Assessment of damage model and strain rate effects on the fragile stress/strain response of ice material

• Damage model for elastic fragile behaviour of high velocity ice impactors.
• Asymmetric, strain rate dependant damage evolution law.
• Delay effect (limited growth rate) to prevent numerical localisation.
• Solid SPH formulation to capture the dynamic fragmentation pattern.
• Validation with respect to experimental dynamic load levels and impulse.

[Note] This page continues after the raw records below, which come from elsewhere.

text \<open>Subterms at occurrences; in a flat sum/product every contiguous subsequence of
  length at least 2 is a subterm (associativity).\<close>
fun occs :: "('a, 'v, 'f) trm \<Rightarrow> ('a, 'v, 'f) trm set" where
  "occs (Cst c) = {Cst c}"
| "occs (Var v) = {Var v}"
| "occs (Sum xs) = {Sum ys | ys. sublist ys xs \<and> 2 \<le> length ys} \<union> (\<Union>x\<in>set xs. occs x)"
| "occs (Prod xs) = {Prod ys | ys. sublist ys xs \<and> 2 \<le> length ys} \<union> (\<Union>x\<in>set xs. occs x)"
| "occs (App f t) = insert (App f t) (occs t)"

definition redex :: "(('a::{zero,one}, 'v, 'f) sym \<Rightarrow> ('a, 'v, 'f) sym \<Rightarrow> bool)
    \<Rightarrow> ('a, 'v, 'f) trm \<Rightarrow> bool" where
  "redex ge s =
     ((\<exists>ms. s = Sum ms \<and> (\<forall>m\<in>set ms. is_monomial m) \<and> sort_by (ge_p ge) ms \<noteq> ms)  \<comment> \<open>R1\<close>
    \<or> (\<exists>as. s = Prod as \<and> (\<forall>a\<in>set as. is_factor a) \<and> sort_by (ge_l ge) as \<noteq> as)  \<comment> \<open>R2\<close>
    \<or> (\<exists>t. wf_term t \<and> s = plus t t)  \<comment> \<open>R3\<close>
    \<or> (\<exists>t. wf_term t \<and> s = times t (Cst 0))  \<comment> \<open>R4\<close>
    \<or> (\<exists>t. wf_term t \<and> s = times (Cst 0) t)  \<comment> \<open>R5\<close>
    \<or> (\<exists>t. wf_term t \<and> s = plus t (Cst 0))  \<comment> \<open>R6\<close>
    \<or> (\<exists>t. wf_term t \<and> s = plus (Cst 0) t)  \<comment> \<open>R7\<close>
    \<or> (\<exists>t. wf_term t \<and> s = times t (Cst 1))  \<comment> \<open>R8\<close>
    \<or> (\<exists>t. wf_term t \<and> s = times (Cst 1) t)  \<comment> \<open>R9\<close>
    \<or> (\<exists>t1 t2 t. wf_term t1 \<and> wf_term t2 \<and> wf_term t \<and> s = times (plus t1 t2) t)  \<comment> \<open>R10\<close>
    \<or> (\<exists>t1 t2 t. wf_term t1 \<and> wf_term t2 \<and> wf_term t \<and> s = times t (plus t1 t2))  \<comment> \<open>R11\<close>
    \<or> (\<exists>f t1 t2. wf_term t1 \<and> wf_term t2 \<and> s = App f (plus t1 t2))  \<comment> \<open>R12\<close>
    \<or> (\<exists>f. s = App f (Cst 0)))  \<comment> \<open>R13\<close>"

definition normal_form :: "(('a::{zero,one}, 'v, 'f) sym \<Rightarrow> ('a, 'v, 'f) sym \<Rightarrow> bool)
    \<Rightarrow> ('a, 'v, 'f) trm \<Rightarrow> bool" where
  "normal_form ge t = (\<forall>s\<in>occs t. \<not> redex ge s)"

end

theory Submission
  imports Defs
begin
definition is_WDP ::
  "nat \<Rightarrow> nat \<Rightarrow> (nat \<Rightarrow> nat) \<Rightarrow> (nat \<Rightarrow> ((nat \<Rightarrow> nat) \<times> (nat \<Rightarrow> real)) set)
     \<Rightarrow> (nat \<Rightarrow> ((nat \<Rightarrow> nat) \<times> real) set) \<Rightarrow> (nat \<Rightarrow> nat \<Rightarrow> nat) \<Rightarrow> bool" where
  "is_WDP n m c RD RV a = (a \<in> feasible n m c \<and>
     (\<forall>b\<in>feasible n m c. inferred_welfare n m RD RV b \<le> inferred_welfare n m RD RV a))"

definition vq_allowed ::
  "nat \<Rightarrow> nat \<Rightarrow> (nat \<Rightarrow> nat) \<Rightarrow> (nat \<Rightarrow> ((nat \<Rightarrow> nat) \<times> real) set) \<Rightarrow> (nat \<Rightarrow> nat \<Rightarrow> nat) set" where
  "vq_allowed n m c RV = {a \<in> feasible n m c. \<forall>i<n. a i = empty_bundle \<or> (\<exists>r. (a i, r) \<in> RV i)}"

definition is_WDP_VQ ::
  "nat \<Rightarrow> nat \<Rightarrow> (nat \<Rightarrow> nat) \<Rightarrow> (nat \<Rightarrow> ((nat \<Rightarrow> nat) \<times> real) set) \<Rightarrow> (nat \<Rightarrow> nat \<Rightarrow> nat) \<Rightarrow> bool" where
  "is_WDP_VQ n m c RV a = (a \<in> vq_allowed n m c RV \<and>
     (\<forall>b\<in>vq_allowed n m c RV. inferred_welfare n m (\<lambda>_. {}) RV b \<le> inferred_welfare n m (\<lambda>_. {}) RV a))"

definition truthful_VQ ::
  "nat \<Rightarrow> nat \<Rightarrow> (nat \<Rightarrow> nat) \<Rightarrow> (nat \<Rightarrow> (nat \<Rightarrow> nat) \<Rightarrow> real) \<Rightarrow> (nat \<Rightarrow> ((nat \<Rightarrow> nat) \<times> real) set) \<Rightarrow> bool" where
  "truthful_VQ n m c v RV = (\<forall>i<n. finite (RV i) \<and> (\<forall>(x, r)\<in>RV i. x \<in> bundles m c \<and> r = v i x))"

The present study concerns the modelling of fragile high velocity ice impactors with the aim of better representing the dynamic load (including impulse) applied to impacted structures. This is achieved by taking into account well-known differences between the tension and compression behaviours of ice, and the influence of the strain rate on its fragile material response. The proposed model is then based on an asymmetric tension-compression elastic damage law, which includes delay effects to prevent numerical mesh sensitivity and control the damage growth rate. This model still needed to be improved to obtain numerical results in better agreement with the dynamic tests. This was achieved by adding an explicit effect of the strain rate on the impact peak force through the damage model (initiation threshold and evolution law). The behaviour law has been implemented and assessed in the explicit EUROPLEXUS code (using a solid smooth particle hydrodynamics formulation), after having been identified from dynamic mechanical tests on ice performed with ONERA hydraulic jacks.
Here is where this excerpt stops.